Jean volvió a reírse con estridencia. Negué con la cabeza. El fuego en mi interior comenzó a palpitar, ascendía desde mi estómago hasta mi cabeza, haciendo que la rabia contra mi hermano me nublara el juicio.
—¡Vete! —le grité a Jean. Di otro paso. Mi sombra cubrió el cuerpo empequeñecido de Rosana contra el pajar. —Estamos solos, ya no tienes que fingir, sé que me quieres…
Ella intentó levantarse, tenía el rostro pálido y contraído en una mueca de terror, y yo me pregunté por qué, si me quería. Me quería a mi y no a Jean. A Jean… de pronto ella estaba llamando a Jean. << No, a mi hermano no >>. Me incliné para besarla, como siempre había querido. Ella pataleó, trastabilló al empujarla contra el pajar y abrió la boca.
Rosana no llegó a gritar. Cuando le acaricié el cuello con las manos noté su piel suave como el terciopelo. El cartílago de la nuez cedió. Sus dedos se atenazaron sobre mis brazos con el agarre de un amante, dejándome lunas rojas y apasionadas en la carne. Después se deslizaron poco a poco por mi antebrazo en una caricia tenue, casi tímida. Se quedó tranquila al instante siguiente, con aquellos ojos azules como el amanecer abiertos, observándome.

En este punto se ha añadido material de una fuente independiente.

lemma frac1_inj:
  assumes a: "\<And>x. a *s x = 0 \<Longrightarrow> x = 0"
    and "\<And>p. is_prime_ideal p \<Longrightarrow> a \<notin> p \<Longrightarrow> frac scale p x 1 = frac scale p y 1"
  shows "x = y"
proof -
  obtain t where "a ^ t *s (x - y) = 0"
  proof (rule power_annihilates_if_locally_zero)
    fix p assume p: "is_prime_ideal p" "a \<notin> p"
    have one: "1 \<notin> p" by (rule prime_ideal_one_notin[OF p(1)])
    have "frac scale p x 1 = frac scale p y 1" by (rule assms(2)[OF p])
    then obtain u where "u \<notin> p" "(u * 1) *s x = (u * 1) *s y"
      unfolding frac_eq_iff[OF p(1) one one] by blast
    then show "\<exists>u. u \<notin> p \<and> u *s (x - y) = 0" by (auto simp: scale_right_diff_distrib)
  qed
  with a have "x - y = 0" by (rule scale_power_eq_0_regular)
  then show ?thesis by simp
qed

lemma loc_add_frac1:
  assumes p: "is_prime_ideal p"
  shows "loc_add scale p (frac scale p x 1) (frac scale p y 1) = frac scale p (x + y) 1"
  unfolding loc_add_def
proof (rule the_equality)
  show "\<exists>n s n' s'. s \<notin> p \<and> s' \<notin> p \<and> frac scale p x 1 = frac scale p n s \<and>
      frac scale p y 1 = frac scale p n' s' \<and>
      frac scale p (x + y) 1 = frac scale p (s' *s n + s *s n') (s * s')"
    using prime_ideal_one_notin[OF p] by (intro exI[of _ x] exI[of _ 1] exI[of _ y]) simp
next
  have one: "1 \<notin> p" by (rule prime_ideal_one_notin[OF p])
  fix e assume "\<exists>n s n' s'. s \<notin> p \<and> s' \<notin> p \<and> frac scale p x 1 = frac scale p n s \<and>
      frac scale p y 1 = frac scale p n' s' \<and> e = frac scale p (s' *s n + s *s n') (s * s')"
  then obtain n s n' s' where s: "s \<notin> p" "s' \<notin> p"
    and x: "frac scale p x 1 = frac scale p n s" and y: "frac scale p y 1 = frac scale p n' s'"
    and e: "e = frac scale p (s' *s n + s *s n') (s * s')" by blast
  obtain u where u: "u \<notin> p" "(u * s) *s x = u *s n" using x unfolding frac_eq_iff[OF p one s(1)] by auto
  obtain v where v: "v \<notin> p" "(v * s') *s y = v *s n'" using y unfolding frac_eq_iff[OF p one s(2)] by auto
  have "(u * v) *s (s' *s n + s *s n') = (v * s') *s (u *s n) + (u * s) *s (v *s n')"
    by (simp add: scale_right_distrib scale_scale mult_ac)
  also have "\<dots> = (u * v * (s * s')) *s (x + y)"
    by (simp flip: u(2) v(2) add: scale_right_distrib scale_scale mult_ac)
  finally show "e = frac scale p (x + y) 1"
    unfolding e using p s one u(1) v(1)
    by (intro frac_eqI[where u = "u * v"]) (simp_all add: prime_ideal_mult_iff)
qed

lemma loc_smult_frac1:
  assumes p: "is_prime_ideal p"
  shows "loc_smult scale p r (frac scale p x 1) = frac scale p (r *s x) 1"
  unfolding loc_smult_def
proof (rule the_equality)
  show "\<exists>n s. s \<notin> p \<and> frac scale p x 1 = frac scale p n s \<and>
      frac scale p (r *s x) 1 = frac scale p (r *s n) s"
    using prime_ideal_one_notin[OF p] by (intro exI[of _ x] exI[of _ 1]) simp
next
  have one: "1 \<notin> p" by (rule prime_ideal_one_notin[OF p])
  fix e assume "\<exists>n s. s \<notin> p \<and> frac scale p x 1 = frac scale p n s \<and> e = frac scale p (r *s n) s"
  then obtain n s where s: "s \<notin> p" and x: "frac scale p x 1 = frac scale p n s"
    and e: "e = frac scale p (r *s n) s" by blast
  obtain u where u: "u \<notin> p" "(u * s) *s x = u *s n" using x unfolding frac_eq_iff[OF p one s] by auto
  have "u *s (r *s n) = r *s (u *s n)" by (simp add: scale_scale mult.commute)
  also have "\<dots> = (u * s) *s (r *s x)" by (simp flip: u(2) add: scale_scale mult.commute)
  finally have "u *s (r *s n) = (u * s) *s (r *s x)" .
  then show "e = frac scale p (r *s x) 1"
    unfolding e using p s one u(1) by (intro frac_eqI[where u = u]) simp_all
qed

end

lemma prime_ideal_colon:
  assumes "module sM" and "P \<in> mSpec sM"
  shows "is_prime_ideal (colon sM P)"
proof -
  interpret M: module sM by fact
  have P: "M.subspace P" "P \<noteq> UNIV" "\<And>r m. sM r m \<in> P \<Longrightarrow> r \<in> colon sM P \<or> m \<in> P"
    using assms(2) unfolding mSpec_def prime_submodule_def by blast+
  have "is_ideal (colon sM P)"
    unfolding is_ideal_def Rm.subspace_def colon_def
    using M.subspace_0[OF P(1)] M.subspace_add[OF P(1)] M.subspace_scale[OF P(1)]
    by (simp add: M.scale_left_distrib flip: M.scale_scale)
  moreover have "colon sM P \<noteq> UNIV"
  proof
    assume "colon sM P = UNIV"
    then have "sM 1 m \<in> P" for m unfolding colon_def by blast
    then show False using P(2) by auto
  qed
  moreover have "x \<in> colon sM P \<or> y \<in> colon sM P" if "x * y \<in> colon sM P" for x y
  proof -
    have "sM x (sM y m) \<in> P" for m using that unfolding colon_def by simp
    then show ?thesis using P(3) unfolding colon_def by blast
  qed
  ultimately show ?thesis unfolding is_prime_ideal_def by blast
qed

<< Bien hecho, monstruito >> dijo la voz de Jean, la misma voz que me había dicho que me cortara la oreja. Vi a Rosana tendida en el suelo, dormida. Vi la silueta borrosa de una hoz cerca. La agarré. Me tumbé al lado de Rosana, rozando tímidamente una de sus manos con la mía. Las briznas de paja a nuestro alrededor se tiñeron de rojo y, justo antes de cerrar los ojos, me pareció que los colores del mundo cobraban intensidad. Estaríamos juntos para siempre.

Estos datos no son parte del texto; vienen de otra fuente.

(* Let $n\ge 2$ and let $\mathcal{D}\subseteq\mathcal{M}_{d\times d}(\mathbb{C})$ be the algebra of diagonal matrices. If $\mathcal{A}$ is a maximal subalgebra of $\mathcal{T}_{n,d}(\mathcal{D})$ (an algebra contained in $\mathcal{T}_{n,d}(\mathcal{D})$ not properly contained in any other algebra contained in $\mathcal{T}_{n,d}(\mathcal{D})$), then $\mathcal{A}=\mathcal{F}_{A,B}^{\mathcal{D}}$ for some $A,B\in\mathcal{D}$.
   Context: For positive integers $n,d$, $\mathcal{T}_{n,d}$ denotes the set of block Toeplitz matrices $\mathbf{T}=(T_{p-q})_{p,q=0}^{n-1}$: $nd\times nd$ complex matrices partitioned into $n\times n$ blocks of size $d\times d$, whose $(p,q)$ block is $T_{p-q}$ for some $T_{-(n-1)},\dots,T_{n-1}\in\mathcal{M}_{d\times d}(\mathbb{C})$. For a subalgebra $\mathcal{B}\subseteq\mathcal{M}_{d\times d}(\mathbb{C})$, $\mathcal{T}_{n,d}(\mathcal{B})$ is the set of $\mathbf{T}\in\mathcal{T}_{n,d}$ with all $T_j\in\mathcal{B}$. An algebra contained in a set of matrices is a subset that is a linear subspace closed under matrix multiplication. For $A,B\in\mathcal{M}_{d\times d}(\mathbb{C})$, $$\mathcal{F}_{A,B}^{\mathcal{B}}=\{(T_{p-q})_{p,q=0}^{n-1}\in\mathcal{T}_{n,d}(\mathcal{B}) : AT_j=BT_{j-n}\text{ for } j=1,2,\dots,n-1\}.$$ *)

theory Defs
  imports Complex_Main "Jordan_Normal_Form.Matrix"
begin

text \<open>An nd x nd matrix M
  is block Toeplitz with blocks T(j) (j an integer, -(n-1) <= j <= n-1, each d x d) if
  its (p,q) block is T(p-q), i.e. entry (i,k) equals entry (i mod d, k mod d) of
  T(i div d - k div d).\<close>

definition block_toeplitz_with :: "nat \<Rightarrow> nat \<Rightarrow> (int \<Rightarrow> complex mat) \<Rightarrow> complex mat \<Rightarrow> bool" where
  "block_toeplitz_with n d T M \<longleftrightarrow>
     M \<in> carrier_mat (n*d) (n*d) \<and>
     (\<forall>j. - (int n - 1) \<le> j \<and> j \<le> int n - 1 \<longrightarrow> T j \<in> carrier_mat d d) \<and>
     (\<forall>i < n*d. \<forall>k < n*d. M $$ (i,k) = T (int (i div d) - int (k div d)) $$ (i mod d, k mod d))"

definition toeplitz_set :: "nat \<Rightarrow> nat \<Rightarrow> complex mat set \<Rightarrow> complex mat set" where
  "toeplitz_set n d \<B> = {M. \<exists>T. block_toeplitz_with n d T M \<and>
       (\<forall>j. - (int n - 1) \<le> j \<and> j \<le> int n - 1 \<longrightarrow> T j \<in> \<B>)}"

definition diag_alg :: "nat \<Rightarrow> complex mat set" where
  "diag_alg d = {A \<in> carrier_mat d d. diagonal_mat A}"

definition algebra_in :: "nat \<Rightarrow> complex mat set \<Rightarrow> complex mat set \<Rightarrow> bool" where
  "algebra_in N S \<A> \<longleftrightarrow> \<A> \<subseteq> S \<and> \<A> \<subseteq> carrier_mat N N \<and> 0\<^sub>m N N \<in> \<A> \<and>
     (\<forall>X\<in>\<A>. \<forall>Y\<in>\<A>. X + Y \<in> \<A>) \<and>
     (\<forall>c::complex. \<forall>X\<in>\<A>. c \<cdot>\<^sub>m X \<in> \<A>) \<and>
     (\<forall>X\<in>\<A>. \<forall>Y\<in>\<A>. X * Y \<in> \<A>)"

definition maximal_algebra_in :: "nat \<Rightarrow> complex mat set \<Rightarrow> complex mat set \<Rightarrow> bool" where
  "maximal_algebra_in N S \<A> \<longleftrightarrow> algebra_in N S \<A> \<and>
     \<not> (\<exists>\<B>. algebra_in N S \<B> \<and> \<A> \<subset> \<B>)"

definition F_set :: "nat \<Rightarrow> nat \<Rightarrow> complex mat set \<Rightarrow> complex mat \<Rightarrow> complex mat \<Rightarrow> complex mat set" where
  "F_set n d \<B> A B = {M. \<exists>T. block_toeplitz_with n d T M \<and>
       (\<forall>j. - (int n - 1) \<le> j \<and> j \<le> int n - 1 \<longrightarrow> T j \<in> \<B>) \<and>
       (\<forall>j. 1 \<le> j \<and> j \<le> int n - 1 \<longrightarrow> A * T j = B * T (j - int n))}"

end

theory Submission
  imports Defs
begin

text \<open>All blocks are diagonal, so everything decouples into \<open>d\<close> scalar problems, one for each
  diagonal position. For scalar sequences \<open>t, s\<close> on \<open>[-(n-1), n-1]\<close> a telescoping identity shows
  that the product of the Toeplitz matrices \<open>(t(p-q))\<close> and \<open>(s(p-q))\<close> is again Toeplitz iff
  \<open>t(i) s(j-n) = t(i-n) s(j)\<close> for all \<open>1 \<le> i, j \<le> n-1\<close>. When this holds for all pairs of members
  of an algebra, the vectors \<open>(t(j))\<close> and \<open>(t(j-n))\<close>, \<open>j = 1..n-1\<close>, are proportional with one ratio
  \<open>[a : b]\<close> common to all members, so the algebra lies in \<open>F_set\<close> for \<open>A = diag a\<close>, \<open>B = diag b\<close>.
  Conversely, if \<open>(a, b) \<noteq> (0, 0)\<close> at every position, proportionality forces the cross condition
  and is inherited by products, so this \<open>F_set\<close> is itself an algebra and maximality gives equality.\<close>

lemma sum_lessThan_mult_split:
  fixes f :: "nat \<Rightarrow> 'a::comm_monoid_add"
  shows "(\<Sum>k<n*d. f k) = (\<Sum>r<n. \<Sum>c<d. f (r*d + c))"
proof -
  have "(\<Sum>k<n*d. f k) = (\<Sum>r<n. sum f {r*d..<r*d + d})"
    using sum.nat_group[of f d n] by simp
  also have "\<dots> = (\<Sum>r<n. \<Sum>c<d. f (r*d + c))"
  proof (rule sum.cong[OF refl])
    fix r
    have "sum f {r*d..<r*d + d} = sum f {0 + r*d..<d + r*d}" by (simp add: add.commute)
    also have "\<dots> = (\<Sum>c\<in>{0..<d}. f (c + r*d))" by (rule sum.shift_bounds_nat_ivl)
    finally show "sum f {r*d..<r*d + d} = (\<Sum>c<d. f (r*d + c))"
      by (simp add: atLeast0LessThan add.commute)
  qed
  finally show ?thesis .
qed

(Este relato pertenece a Senpai, Andrea Angla, a la que podéis encontrar en Twitter como @AndreaAN_94. Está inspirado en la obra de Vincent van Gogh, quién pintó este cuadro en un manicomio, y lo que hizo fue un espejo de la obra de Jean-François Millet llamada “Le meridienne”, de hecho, estaba un poco obsesionado con las obras de Millet y esta no sería la única que copiaría. Millet se inspiró para sus diversos cuadros en los trabajadores del pueblo de Barbizon, donde más tarde fundaría la Escuela de Barbizon para pintores que exaltaban el paisaje y el entorno natural. Actualmente se conoce más el cuadro de Van Gogh que el de Millet que es el original).